I want to feed a sparse tensor as input to a simple tensorflow-based recurrent neural network. For that I use the following code:
model = keras.Sequential()
model.add(keras.Input(shape=(1, features_dim), sparse=True))
model.add(keras.layers.RNN(keras.layers.SimpleRNNCell(hidden_layer_dim, activation="sigmoid")))
model.add(keras.layers.Dense(labels_dim, activation='softmax'))
model.compile(optimizer=keras.optimizers.SGD(lr=learning_rate, momentum=0.0, decay=0.0, nesterov=False),
loss='sparse_categorical_crossentropy',
metrics=[keras.metrics.SparseCategoricalAccuracy()])
model.fit(
training_data,
training_labels,
epochs=num_epochs,
batch_size=batch_size,
shuffle=True
)
features_dim
denotes the number features, training_labels
is a NumPy array containing the respective labels and training_data is a sparse tensor created from a sparse matrix in COO-format with the shape ([num_entries, 1, num_features]).
However, when I try to run this I get this error:
TypeError: Failed to convert object of type <class 'tensorflow.python.framework.sparse_tensor.SparseTensor'> to Tensor. Contents: SparseTensor(indices=Tensor("cond_1/Identity:0", shape=(None, 3), dtype=int64, device=/job:localhost/replica:0/task:0/device:CPU:0), values=Tensor("cond_1/Identity_1:0", shape=(None,), dtype=float64, device=/job:localhost/replica:0/task:0/device:CPU:0), dense_shape=Tensor("stack:0", shape=(3,), dtype=int64, device=/job:localhost/replica:0/task:0/device:CPU:0)). Consider casting elements to a supported type.
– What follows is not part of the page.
(* Consider the nonlinear event-triggered setting described in the context, with a smooth class $\mathcal K_\infty$ function $\beta$, $\sigma\in(0,1)$ and $\theta\ge 0$, and execution times generated by the dynamic event generator. Then for all $t\in[0,t_\infty)$, $$\eta(t)+\theta\big(\sigma\alpha(\|x(t)\|)-\gamma(\|e(t)\|)\big)\ge 0\quad\text{and}\quad \eta(t)\ge 0.$$
   Context: Let $f:\mathbb{R}^n\times\mathbb{R}^m\to\mathbb{R}^n$ and a feedback $k:\mathbb{R}^n\to\mathbb{R}^m$ be given. A class $\mathcal K_\infty$ function is a continuous, strictly increasing $\alpha:[0,\infty)\to[0,\infty)$ with $\alpha(0)=0$ and $\alpha(r)\to\infty$ as $r\to\infty$. Assume there is a smooth $V:\mathbb{R}^n\to[0,\infty)$ and class $\mathcal K_\infty$ functions $\underline\alpha,\overline\alpha,\alpha,\gamma$ such that for all $x,e\in\mathbb{R}^n$: $\underline\alpha(\|x\|)\le V(x)\le\overline\alpha(\|x\|)$ and $\nabla V(x)\cdot f(x,k(x+e))\le-\alpha(\|x\|)+\gamma(\|e\|)$ (ISS-Lyapunov function for $\dot x=f(x,k(x+e))$). The plant is $\dot x=f(x,u)$ with sample-and-hold input $u(t)=k(x(t_i))$ for $t\in[t_i,t_{i+1})$, where $(t_i)_{i\in\mathbb I}$ is an increasing sequence of execution times; $e(t)=x(t_i)-x(t)$ for $t\in[t_i,t_{i+1})$, so $\dot x=f(x,k(x+e))$. If there are infinitely many executions, $\mathbb I=\mathbb N$ and $t_\infty=\lim t_i$; if finitely many ($\mathbb I=\{0,\dots,I\}$), $t_\infty=t_{I+1}=+\infty$. For a function $g$, $g(t^-)$ denotes the left limit at $t$. Dynamic event generator: with design parameters a smooth class $\mathcal K_\infty$ function $\beta$, $\sigma\in(0,1)$ and $\theta\ge0$, an internal variable $\eta$ satisfies $\dot\eta=-\beta(\eta)+\sigma\alpha(\|x\|)-\gamma(\|e\|)$, $\eta(0)=0$, and execution times are $t_0=0$, $t_{i+1}=\inf\{t>t_i:\ \eta(t)+\theta(\sigma\alpha(\|x(t)\|)-\gamma(\|e(t^-)\|))\le 0\}$. It is assumed that $x(t_i)\neq 0$ for all $i\in\mathbb I$. *)

theory Defs
  imports "HOL-Analysis.Analysis" "HOL-Library.Extended_Real"
begin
I'm a bit lost about this error. I was under the impression that TensorFlow can handle sparse data without having to convert it. Furthermore, if a conversion is necessary, I'm not sure why it fails. I can run the code above (without sparse=True) just fine, if I convert the sparsetensor manually using tf.sparse.to_dense()
. Thus there does not seem to be anything wrong with how I created the sparsetensor from the coo-matrix (at least not as far as I can tell).
Edit:
I have now tested the answers provided in Using sparse matrices with Keras and Tensorflow extensively. Unfortunately, neither of them solves my problem without sacrificing at least the sparsity of the batch. Is there no other possibility?